Multiple agencies worked together as a fast-moving grass fire shut down Interstate 25 south of Cheyenne on Feb. 24, and according to local witnesses, flames could be seen burning next to Interstate 80 (I-80). While plumes of black smoke blanketed the southern portion of Cheyenne and could be seen for miles around for most of the morning, agencies worked to contain the large-wind swept fire.

The fire was about seven miles west of Cheyenne just south of I-80 and quickly spread as wind gusts were reported to be over 60 miles per hour, pushing east towards Cheyenne.

Wyoming Highway Patrol reported the fire was active, but appeared “under control” by 1 p.m., with firefighters working on hot spots.
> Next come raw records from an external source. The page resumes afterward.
lemma bjoin_absorb_below:
  fixes p a b :: "'b::comm_ring_1"
  assumes idem: "\<And>a::'b. a * a = a" and "bleq p a"
  shows "p * bjoin a b = p"
proof -
  have pa: "p * a = p" using assms(2) unfolding bleq_def .
  have "p * bjoin a b = p * a + (p * b + p * a * b)"
    unfolding bjoin_def by (simp add: algebra_simps)
  also have "\<dots> = p + (p * b + p * b)" using pa by simp
  finally show ?thesis using idempotent_ring_add_self[OF idem, of "p * b"] by simp
qed

lemma masked_triangle:
  fixes d :: "'x \<Rightarrow> 'x \<Rightarrow> 'b::comm_ring_1"
  assumes bm: "bool_metric X d" and "x \<in> X" "y \<in> X" "z \<in> X"
    and cxy: "c * d x y = 0"
  shows "c * d x z = c * d x z * d y z"
proof -
  have tri: "d x z * (d x y + d y z + d x y * d y z) = d x z"
    using assms(1-4) unfolding bool_metric_def bleq_def bjoin_def by blast
  have "c * d x z = c * (d x z * (d x y + d y z + d x y * d y z))" using tri by simp
  also have "\<dots> = (c * d x y) * (d x z + d x z * d y z) + c * d x z * d y z"
    by (simp add: algebra_simps)
  finally show ?thesis using cxy by simp
qed

lemma masked_dist_zero:
  fixes d :: "'x \<Rightarrow> 'x \<Rightarrow> 'b::comm_ring_1"
  assumes bm: "bool_metric X d" and X: "x \<in> X" "u \<in> X" "v \<in> X"
    and cu: "c * d x u = 0" and cv: "c * d x v = 0"
  shows "c * d u v = 0"
proof -
  have "d x u = d u x" using bm X unfolding bool_metric_def by blast
  then have "c * d u v = c * d u v * d x v"
    using masked_triangle[OF bm X(2,1,3)] cu by simp
  also have "\<dots> = d u v * (c * d x v)" by (simp add: algebra_simps)
  finally show ?thesis using cv by simp
qed

text \<open>Where c kills d(x,y), the part of c outside |y| also kills d(x,z):
  c (1 + d(z,y)) d(x,z) = 0.  This is how cutting coefficients down to the norm
  keeps the base-point condition of an orthogonal combination.\<close>
lemma masked_base_complement:
  fixes d :: "'x \<Rightarrow> 'x \<Rightarrow> 'b::comm_ring_1"
  assumes idem: "\<And>a::'b. a * a = a" and bm: "bool_metric X d"
    and X: "x \<in> X" "y \<in> X" "z \<in> X" and cxy: "c * d x y = 0"
  shows "c * (1 + d z y) * d x z = 0"
proof -
  have "d y z = d z y" using bm X unfolding bool_metric_def by blast
  then have "c * d x z = c * d x z * d z y"
    using masked_triangle[OF bm X cxy] by simp
  then have "c * (1 + d z y) * d x z = c * d z y * d x z + c * d z y * d x z"
    by (simp add: algebra_simps)
  then show ?thesis using idempotent_ring_add_self[OF idem] by simp
qed

lemma referential_orthogonal_with_base:
  fixes d :: "'x \<Rightarrow> 'x \<Rightarrow> 'b::comm_ring_1"
  assumes bm: "bool_metric X d" and zX: "z \<in> X" and ref: "referential X d z R"
  shows "\<forall>u\<in>insert z R. \<forall>v\<in>insert z R. u \<noteq> v \<longrightarrow> bperp d z u v"
proof -
  have RX: "R \<subseteq> X" and orth: "\<forall>u\<in>R. \<forall>v\<in>R. u \<noteq> v \<longrightarrow> bperp d z u v"
    using ref unfolding referential_def by auto
  have zz: "d z z = 0" using bm zX unfolding bool_metric_def by blast
  have "bperp d z u z" "bperp d z z u" if "u \<in> R" for u
  proof -
    have "d u z = d z u" using bm zX RX that unfolding bool_metric_def by blast
    then show "bperp d z u z" "bperp d z z u"
      unfolding bperp_def bjoin_def using zz by simp_all
  qed
  with orth show ?thesis by blast
qed

lemma partition_select:
  fixes cs :: "'b::comm_ring_1 list"
  assumes sum1: "sum_list cs = 1" and j: "j < length cs"
    and disj: "\<And>k. k < length cs \<Longrightarrow> k \<noteq> j \<Longrightarrow> p * cs ! k = 0"
  shows "p = p * cs ! j"
proof -
  have "p = (\<Sum>k=0..<length cs. p * cs ! k)"
    using sum1 by (simp add: sum_list_sum_nth sum_distrib_left[symmetric])
  also have "\<dots> = (\<Sum>k=0..<length cs. if k = j then p * cs ! j else 0)"
    by (rule sum.cong) (auto simp: disj)
  also have "\<dots> = p * cs ! j" using j by simp
  finally show ?thesis .
qed

lemma orth_coeffs_partition:
  fixes as :: "'b::comm_ring_1 list"
  assumes idem: "\<And>a::'b. a * a = a" and pd: "pairwise_disj as"
  shows "pairwise_disj ((1 + sum_list as) # as)" "sum_list ((1 + sum_list as) # as) = 1"
proof -
  have head_disj: "(1 + sum_list as) * as ! j = 0" if j: "j < length as" for j
  proof -
    have "sum_list as * as ! j = (\<Sum>i=0..<length as. if i = j then as ! j else 0)"
      unfolding sum_list_sum_nth sum_distrib_right
      by (rule sum.cong) (use pd idem j in \<open>auto simp: pairwise_disj_def\<close>)
    also have "\<dots> = as ! j" using j by simp
    finally show ?thesis
      using idempotent_ring_add_self[OF idem, of "as ! j"] by (simp add: algebra_simps)
  qed
  show "pairwise_disj ((1 + sum_list as) # as)"
    unfolding pairwise_disj_def
  proof (intro allI impI)
    fix i j
    assume "i < length ((1 + sum_list as) # as)" "j < length ((1 + sum_list as) # as)" "i \<noteq> j"
    then show "((1 + sum_list as) # as) ! i * ((1 + sum_list as) # as) ! j = 0"
      using pd head_disj unfolding pairwise_disj_def
      by (cases i; cases j) (auto simp: mult.commute)
  qed
  show "sum_list ((1 + sum_list as) # as) = 1"
    using idempotent_ring_add_self[OF idem, of "sum_list as"] by (simp add: algebra_simps)
qed

lemma orth_comb_iff:
  fixes d :: "'x \<Rightarrow> 'x \<Rightarrow> 'b::comm_ring_1"
  assumes idem: "\<And>a::'b. a * a = a" and pd: "pairwise_disj as"
    and len: "length as = length xs"
  shows "orth_comb d z x xs as \<longleftrightarrow>
           (1 + sum_list as) * d x z = 0 \<and> (\<forall>i<length xs. as ! i * d x (xs ! i) = 0)"
proof -
  have "(\<forall>i<length (z # xs). ((1 + sum_list as) # as) ! i * d x ((z # xs) ! i) = 0) \<longleftrightarrow>
        (1 + sum_list as) * d x z = 0 \<and> (\<forall>i<length xs. as ! i * d x (xs ! i) = 0)"
    by (auto simp: All_less_Suc2 less_Suc_eq_0_disj)
  then show ?thesis
    using orth_coeffs_partition[OF idem pd] len
    unfolding orth_comb_def is_conv_comb_def by auto
qed

definition group_coeff :: "'x list \<Rightarrow> 'b::comm_ring_1 list \<Rightarrow> 'x \<Rightarrow> 'b" where
  "group_coeff ys bs w = (\<Sum>l=0..<length ys. if ys ! l = w then bs ! l else 0)"

lemma coeff_times_group_coeff:
  fixes bs :: "'b::comm_ring_1 list"
  assumes pd: "pairwise_disj bs" and len: "length ys = length bs" and l: "l < length ys"
  shows "bs ! l * group_coeff ys bs w = (if ys ! l = w then bs ! l * bs ! l else 0)"
proof -
  have "bs ! l * group_coeff ys bs w
      = (\<Sum>k=0..<length ys. if k = l then (if ys ! l = w then bs ! l * bs ! l else 0) else 0)"
    unfolding group_coeff_def sum_distrib_left
    by (rule sum.cong) (use pd len l in \<open>auto simp: pairwise_disj_def\<close>)
  also have "\<dots> = (if ys ! l = w then bs ! l * bs ! l else 0)" using l by simp
  finally show ?thesis .
qed

lemma conv_comb_regroup:
  fixes d :: "'x \<Rightarrow> 'x \<Rightarrow> 'b::comm_ring_1"
  assumes cc: "is_conv_comb d x ys bs" and sub: "set ys \<subseteq> set ws" and dist: "distinct ws"
  shows "is_conv_comb d x ws (map (group_coeff ys bs) ws)"
proof -
  have len: "length ys = length bs" and pd: "pairwise_disj bs" and sum1: "sum_list bs = 1"
    and vanish: "\<And>l. l < length ys \<Longrightarrow> bs ! l * d x (ys ! l) = 0"
    using cc unfolding is_conv_comb_def by auto
  have disj: "group_coeff ys bs u * group_coeff ys bs v = 0" if "u \<noteq> v" for u v
  proof -
    have "group_coeff ys bs u * group_coeff ys bs v
        = (\<Sum>l=0..<length ys. if ys ! l = u then bs ! l * group_coeff ys bs v else 0)"
      unfolding group_coeff_def[of ys bs u] sum_distrib_right by (rule sum.cong) auto
    also have "\<dots> = 0"
      using coeff_times_group_coeff[OF pd len] that by (intro sum.neutral) auto
    finally show ?thesis .
  qed
  have "sum_list (map (group_coeff ys bs) ws) = (\<Sum>w\<in>set ws. group_coeff ys bs w)"
    using dist by (simp add: sum_list_distinct_conv_sum_set)
  also have "\<dots> = (\<Sum>l=0..<length ys. \<Sum>w\<in>set ws. if ys ! l = w then bs ! l else 0)"
    unfolding group_coeff_def by (rule sum.swap)
  also have "\<dots> = (\<Sum>l=0..<length ys. bs ! l)"
    using sub nth_mem by (intro sum.cong) fastforce+
  finally have sum_grouped: "sum_list (map (group_coeff ys bs) ws) = 1"
    using sum1 len by (simp add: sum_list_sum_nth)
  have vanish_grouped: "group_coeff ys bs w * d x w = 0" for w
    unfolding group_coeff_def sum_distrib_right
    by (intro sum.neutral) (use vanish in auto)
  show ?thesis
    unfolding is_conv_comb_def pairwise_disj_def
    using dist disj sum_grouped vanish_grouped by (auto simp: nth_eq_iff_index_eq)
qed

section \<open>Existence\<close>

lemma orth_comb_from_conv_comb:
  fixes d :: "'x \<Rightarrow> 'x \<Rightarrow> 'b::comm_ring_1"
  assumes idem: "\<And>a::'b. a * a = a" and bm: "bool_metric X d"
    and zX: "z \<in> X" and xX: "x \<in> X" and xsX: "set xs \<subseteq> X"
    and cc: "is_conv_comb d x (z # xs) (c0 # cs)"
  defines "as \<equiv> map (\<lambda>i. cs ! i * d z (xs ! i)) [0..<length xs]"
  shows "pairwise_disj as \<and> orth_comb d z x xs as \<and>
         (\<forall>i<length xs. bleq (as ! i) (d z (xs ! i)))"
proof -
  let ?n = "length xs"
  have len: "length cs = ?n" and pd: "pairwise_disj (c0 # cs)"
    and sum1: "c0 + sum_list cs = 1"
    and vanish: "\<forall>i<Suc ?n. (c0 # cs) ! i * d x ((z # xs) ! i) = 0"
    using cc unfolding is_conv_comb_def by auto
  have vz: "c0 * d x z = 0" and vi: "\<And>i. i < ?n \<Longrightarrow> cs ! i * d x (xs ! i) = 0"
    using vanish unfolding All_less_Suc2 by auto
  have las: "length as = ?n" unfolding as_def by simp
  have as_nth: "as ! i = cs ! i * d z (xs ! i)" if "i < ?n" for i
    using that unfolding as_def by simp
  have pd_as: "pairwise_disj as"
    unfolding pairwise_disj_def las
  proof (intro allI impI)
    fix i j assume "i < ?n" "j < ?n" "i \<noteq> j"
    moreover have "(c0 # cs) ! Suc i * (c0 # cs) ! Suc j = 0"
      using pd calculation len unfolding pairwise_disj_def
      by (metis Suc_less_eq length_Cons nat.inject)
    ultimately have "cs ! i * cs ! j = 0" by simp
    moreover have "as ! i * as ! j = (cs ! i * cs ! j) * (d z (xs ! i) * d z (xs ! j))"
      using \<open>i < ?n\<close> \<open>j < ?n\<close> by (simp add: as_nth mult_ac)
    ultimately show "as ! i * as ! j = 0" by simp
  qed
  have block_vanish: "cs ! i * (1 + d z (xs ! i)) * d x z = 0" if i: "i < ?n" for i
    using i xsX by (intro masked_base_complement[OF idem bm xX _ zX vi[OF i]]) auto
  text \<open>Since 1 = c_0 + \<Sum>c_i, the base coefficient 1 + \<Sum>a_i splits into c_0 and
    the blocks c_i (1 + |x_i|), each of which avoids d(x,z).\<close>
  have "1 + sum_list as = c0 + (sum_list cs + sum_list as)"
    using sum1 by (simp add: algebra_simps)
  also have "\<dots> = c0 + (\<Sum>i=0..<?n. cs ! i * (1 + d z (xs ! i)))"
    by (simp add: sum_list_sum_nth len las as_nth distrib_left sum.distrib)
  finally have head: "(1 + sum_list as) * d x z = 0"
    using vz block_vanish by (simp add: distrib_right sum_distrib_right)
  have tail: "\<forall>i<?n. as ! i * d x (xs ! i) = 0"
  proof (intro allI impI)
    fix i assume i: "i < ?n"
    have "as ! i * d x (xs ! i) = d z (xs ! i) * (cs ! i * d x (xs ! i))"
      using i by (simp add: as_nth mult_ac)
    then show "as ! i * d x (xs ! i) = 0" using vi[OF i] by simp
  qed
  have below: "\<forall>i<?n. bleq (as ! i) (d z (xs ! i))"
    by (simp add: bleq_def as_nth mult.assoc idem)
  show ?thesis
    using orth_comb_iff[OF idem pd_as las] pd_as head tail below by blast
qed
However, by 3 p.m., flames were still visible, moving southeast toward the state line. But, it was no longer threatening the I-80 corridor, Wyoming Highway Patrol reported.

Hitting close to home

Local Rancher Mark Eisele witnessed the fire up close as it burned around 2,000 acres of pasture at the King Ranch

“I have been fearful about wildfire for about six months now, and we started taking precautionary measures. We implemented fire mitigation by allowing the herd to graze closer buildings and structures here on the ranch,” Eisele said. “It gave us a buffer, but I have always managed risk by being proactive.”

“We have equipment to help fight fires, but it takes time to fill the water truck. With fires like this, you don’t have time,” he continued. “We had a pasture with about 20 bulls and at one end of the pasture was the fire, so we took the feed truck out and they followed us to safe ground.”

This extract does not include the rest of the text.